Malam hari aku berencana untuk kerumah Rendi malam-malam dengan niat untuk membunuhnya.

Kesabaranku sudah habis, kegelapan terus mendorong siasat jahat ini.
Aku seperti diberikan keberanian dan kekuatan olehnya.

Kegelapan terus berbisik-bisik membuatku semakin semangat.
Ketika aku sudah sampai, aku menuju jendela kamarnya dan mengetuk kacanya.
Rendi yang sedang asyik bermain game terkejut melihatku datang secara tiba-tiba sambil membawa pisau.

Aku memecahkan kacanya dengan batu dan masuk ke dalam kamarnya.
Mencoba berteriak meminta tolong namun sayang, orang tua serta kakak Rendi sedang berada di luar kota selama 3 bulan.

Rendi berlari menuju kamar mandi kamarnya dan mengunci pintunya.

"Pergi kau sialan!

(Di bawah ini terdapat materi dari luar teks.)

(* Let $S\subset\mathbb{R}^3$ be the sphere of radius $1/2$ centered at $(0,0,1/2)$, and let $\pi_S:\mathbb{R}^2\to S$ be the stereographic projection (identifying $\mathbb{R}^2$ with the plane $z=0$, a point $(x,y,0)$ is mapped to the intersection point, other than $N=(0,0,1)$, of $S$ with the line through $N$ and $(x,y,0)$). Let $A\subset\mathbb{R}^2$ be an unbounded set with $0\notin\overline A$. Then $\overline{\dim}_BA=\overline{\dim}_B\pi_S(A)$ and $\underline{\dim}_BA=\underline{\dim}_B\pi_S(A)$, where the box dimensions of $\pi_S(A)$ are computed as a subset of $\mathbb{R}^3$. Furthermore, if $A$ is Minkowski nondegenerate, then so is $\pi_S(A)$.
   Context: For a nonempty bounded $B\subset\mathbb{R}^n$, with $B_\varepsilon$ its Euclidean $\varepsilon$-neighbourhood in $\mathbb{R}^n$ and $|B_\varepsilon|$ its Lebesgue measure, $\mathcal M^{*s}(B)=\limsup_{\varepsilon\to0}|B_\varepsilon|/\varepsilon^{n-s}$, $\mathcal M_*^s(B)$ is the same with $\liminf$, $\overline{\dim}_BB=\inf\{s\ge0:\mathcal M^{*s}(B)=0\}$, $\underline{\dim}_BB=\inf\{s\ge0:\mathcal M_*^{s}(B)=0\}$; $B$ is Minkowski nondegenerate if there is $d\ge0$ with $0<\mathcal M_*^d(B)\le\mathcal M^{*d}(B)<\infty$. For an unbounded $A\subset\mathbb{R}^n$ with $0\notin\overline A$, with $\Phi(x)=x/|x|^2$, the box dimensions, Minkowski contents and Minkowski nondegeneracy of $A$ are defined as those of the bounded set $\Phi(A)$. *)

theory Defs
  imports "HOL-Analysis.Analysis"
begin

definition nbhd :: "'a::euclidean_space set \<Rightarrow> real \<Rightarrow> 'a set" where
  "nbhd B e = {x. \<exists>b\<in>B. dist x b < e}"

definition upper_mink :: "real \<Rightarrow> 'a::euclidean_space set \<Rightarrow> ereal" where
  "upper_mink s B = Limsup (at_right 0)
     (\<lambda>e. ereal (measure lebesgue (nbhd B e) / e powr (real DIM('a) - s)))"

definition lower_mink :: "real \<Rightarrow> 'a::euclidean_space set \<Rightarrow> ereal" where
  "lower_mink s B = Liminf (at_right 0)
     (\<lambda>e. ereal (measure lebesgue (nbhd B e) / e powr (real DIM('a) - s)))"

definition upper_box_dim :: "'a::euclidean_space set \<Rightarrow> real" where
  "upper_box_dim B = Inf {s. s \<ge> 0 \<and> upper_mink s B = 0}"

definition lower_box_dim :: "'a::euclidean_space set \<Rightarrow> real" where
  "lower_box_dim B = Inf {s. s \<ge> 0 \<and> lower_mink s B = 0}"

definition mink_nondeg :: "'a::euclidean_space set \<Rightarrow> bool" where
  "mink_nondeg B \<longleftrightarrow> (\<exists>d\<ge>0. 0 < lower_mink d B \<and> lower_mink d B \<le> upper_mink d B
                          \<and> upper_mink d B < \<infinity>)"

definition inversion :: "'a::euclidean_space \<Rightarrow> 'a" where
  "inversion x = (1 / norm x ^ 2) *\<^sub>R x"

definition upper_box_dim_unb :: "'a::euclidean_space set \<Rightarrow> real" where
  "upper_box_dim_unb A = upper_box_dim (inversion ` A)"

definition lower_box_dim_unb :: "'a::euclidean_space set \<Rightarrow> real" where
  "lower_box_dim_unb A = lower_box_dim (inversion ` A)"

definition mink_nondeg_unb :: "'a::euclidean_space set \<Rightarrow> bool" where
  "mink_nondeg_unb A \<longleftrightarrow> mink_nondeg (inversion ` A)"

definition north :: "real^3" where "north = vector [0, 0, 1]"

definition sphereS :: "(real^3) set" where
  "sphereS = sphere (vector [0, 0, 1/2]) (1/2)"

definition embed_plane :: "real^2 \<Rightarrow> real^3" where
  "embed_plane p = vector [p$1, p$2, 0]"

definition stereo :: "real^2 \<Rightarrow> real^3" where
  "stereo p = (THE q. q \<in> sphereS \<and> q \<noteq> north \<and>
                 (\<exists>t::real. q = north + t *\<^sub>R (embed_plane p - north)))"

end

theory Submission
  imports Defs
begin

text \<open>Writing \<open>B = \<Phi>(A)\<close>, the stereographic projection satisfies \<open>\<pi>\<^sub>S = g \<circ> \<Phi>\<close> on \<open>A\<close>,
  where \<open>g(u) = \<Phi>(u\<^sub>1, u\<^sub>2, 1)\<close>. Since \<open>|\<Phi>(x) - \<Phi>(y)| = |x - y| / (|x| |y|)\<close>, the map \<open>g\<close>
  is bi-Lipschitz on the bounded set \<open>B\<close>. A bi-Lipschitz map between bounded subsets of
  \<open>\<real>\<^sup>m\<close> and \<open>\<real>\<^sup>n\<close> preserves Minkowski contents up to constant factors: for a maximal
  \<open>\<epsilon>\<close>-separated subset of \<open>B\<close> with \<open>N\<close> points, \<open>|B\<^sub>\<epsilon>|\<close> is comparable to \<open>N \<epsilon>\<^sup>m\<close>,
  while \<open>|g(B)\<^sub>\<epsilon>|\<close> is comparable to \<open>N \<epsilon>\<^sup>n\<close>. Hence box dimensions and
  nondegeneracy are the same for \<open>B\<close> and \<open>g(B) = \<pi>\<^sub>S(A)\<close>.\<close>

section \<open>Volumes of unions of balls\<close>

lemma measure_ball_eq_unit_ball:
  fixes c :: "'a::euclidean_space"
  assumes "r \<ge> 0"
  shows "measure lebesgue (ball c r) = r ^ DIM('a) * measure lebesgue (ball (0::'a) 1)"
  using content_ball_conv_unit_ball[OF assms, of c] by simp

lemma measure_unit_ball_pos: "measure lebesgue (ball (0::'a::euclidean_space) 1) > 0"
  using content_ball_pos[of 1 "0::'a"] by simp

lemma measure_Union_disjoint_balls:
  fixes c :: "'i \<Rightarrow> 'a::euclidean_space"
  assumes "finite P" "r \<ge> 0" and sep: "\<forall>p\<in>P. \<forall>q\<in>P. p \<noteq> q \<longrightarrow> 2*r \<le> dist (c p) (c q)"
  shows "measure lebesgue (\<Union>p\<in>P. ball (c p) r)
           = real (card P) * (r ^ DIM('a) * measure lebesgue (ball (0::'a) 1))"
proof -
  have "dist (c p) (c q) < 2*r" if "x \<in> ball (c p) r" "x \<in> ball (c q) r" for p q x
    using that dist_triangle3[of "c p" "c q" x] by (simp add: dist_commute)
  then have "disjnt (ball (c p) r) (ball (c q) r)" if "p \<in> P" "q \<in> P" "p \<noteq> q" for p q
    using sep that unfolding disjnt_def by (meson disjoint_iff not_le)
  then have "measure lebesgue (\<Union>p\<in>P. ball (c p) r) = (\<Sum>p\<in>P. measure lebesgue (ball (c p) r))"
    by (intro measure_UNION') (use assms in \<open>auto simp: pairwise_def\<close>)
  also have "\<dots> = (\<Sum>p\<in>P. r ^ DIM('a) * measure lebesgue (ball (0::'a) 1))"
    by (rule sum.cong[OF refl]) (rule measure_ball_eq_unit_ball[OF \<open>r \<ge> 0\<close>])
  finally show ?thesis by simp
qed

lemma measure_Union_balls_le:
  fixes c :: "'i \<Rightarrow> 'a::euclidean_space"
  assumes "finite P" "r \<ge> 0"
  shows "measure lebesgue (\<Union>p\<in>P. ball (c p) r)
           \<le> real (card P) * (r ^ DIM('a) * measure lebesgue (ball (0::'a) 1))"
proof -
  have "measure lebesgue (\<Union>p\<in>P. ball (c p) r) \<le> (\<Sum>p\<in>P. measure lebesgue (ball (c p) r))"
    by (rule measure_UNION_le) (use assms in auto)
  also have "\<dots> = (\<Sum>p\<in>P. r ^ DIM('a) * measure lebesgue (ball (0::'a) 1))"
    by (rule sum.cong[OF refl]) (rule measure_ball_eq_unit_ball[OF \<open>r \<ge> 0\<close>])
  finally show ?thesis by simp
qed

section \<open>Neighbourhoods and separated sets\<close>

lemma nbhd_eq_Union_balls: "nbhd B e = (\<Union>b\<in>B. ball b e)"
  unfolding nbhd_def by (auto simp: dist_commute)

lemma nbhd_sets_lebesgue: "nbhd B e \<in> sets lebesgue"
proof -
  have "open (nbhd B e)" unfolding nbhd_eq_Union_balls by auto
  then show ?thesis by (metis borel_open sets_completionI_sets sets_lborel)
qed

lemma nbhd_lmeasurable:
  assumes "bounded B"
  shows "nbhd B e \<in> lmeasurable"
proof (rule lmeasurable_open)
  obtain R where R: "\<forall>x\<in>B. norm x \<le> R" using assms bounded_iff by blast
  have "norm x \<le> R + e" if x: "x \<in> nbhd B e" for x
  proof -
    obtain b where "b \<in> B" "dist x b < e" using x unfolding nbhd_def by auto
    then show ?thesis using R norm_triangle_sub[of x b] by (force simp: dist_norm)
  qed
  then show "bounded (nbhd B e)" using bounded_iff by blast
qed (auto simp: nbhd_eq_Union_balls)

lemma bounded_lipschitz_image:
  assumes "bounded B" "L-lipschitz_on B h"
  shows "bounded (h ` B)"
proof (cases "B = {}")
  case False
  then obtain b0 where b0: "b0 \<in> B" by blast
  obtain R where "\<forall>x\<in>B. dist b0 x \<le> R" using assms(1) bounded_any_center by blast
  then have "\<forall>x\<in>B. dist (h b0) (h x) \<le> L * R"
    using lipschitz_onD[OF assms(2) b0] lipschitz_on_nonneg[OF assms(2)]
    by (meson mult_left_mono order_trans)
  then show ?thesis unfolding bounded_def by blast
qed simp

Untuk apa kau membawa pisau ke rumahku!" Rendi ketakutan dengan suara yang serak.

Aku tertawa karena melihatnya ketakutan.
Bagiku rasa takutnya itu adalah kesenangan tersendiri bagiku.

"Tenang kawan pisau ini tidak tajam, pisau ini takkan bisa menyakitimu."

"Aku akan menunggumu sampai kau keluar dari situ. Aku hanya ingin bermain-main sebentar denganmu."
Aku bersiul menunggu Rendi keluar dari kamar mandi tempat ia bersembunyi.

Rendi menangis di dalam kamar mandi namun aku senang mendengar tangisannya itu. Semakin dia takut, semakin bergairah hasrat ini untuk membunuhnya.

Tapi aku tidak mau terlalu cepat, Aku menyiksa batinnya terlebih dahulu.
Aku melihat lampu kamar mandinya masih hidup, ku matikan lampunya agar dia gelap didalam situ. Kali ini ku biarkan gelap yang menyiksanya pertama kali.

Satu malam ini Rendy terkurung di dalam kamar mandinya sendiri.
Ku lihat kucing Rendi yang manis dan cantik tertidur pulas.

Tanpa basa basi aku langsung membunuh kucingnya dan melemparkan bangkainya ke kamar mandi lewat celah pintu kamar mandi Rendi.

Rendi muntah-muntah di dalam kamar mandi karena melihat kucing kesayangannya sudah mati dalam kondisi tercincang-cincang.

"Aku minta maaf Ryan! Jangan bunuh aku dengan cara seperti ini. Aku ingin keluar!" Jawab Rendi menangis kencang.

Aku membiarkan Rendi keluar dari kamar mandi karena dia terlalu ribut meminta maaf. Dengan kondisi yang sangat buruk Rendi keluar dari kamar mandi dan mencoba kabur dengan cara langsung berlari ke arah pintu kamarnya.

Namun sayang sekali, gagang pintu tersebut sudah kulepas. Jalan keluar satu-satunya adalah dari jendela tempat aku masuk.

Karena dia ingin kabur aku memberinya hukuman yang terbilang ringan menurutku.
Aku menyuruh Rendi memakan bangkai kucingnya itu jika dia tidak mau aku akan membunuhnya sekarang juga.

"Hahaha aku membunuhnya tanpa menyentuhnya."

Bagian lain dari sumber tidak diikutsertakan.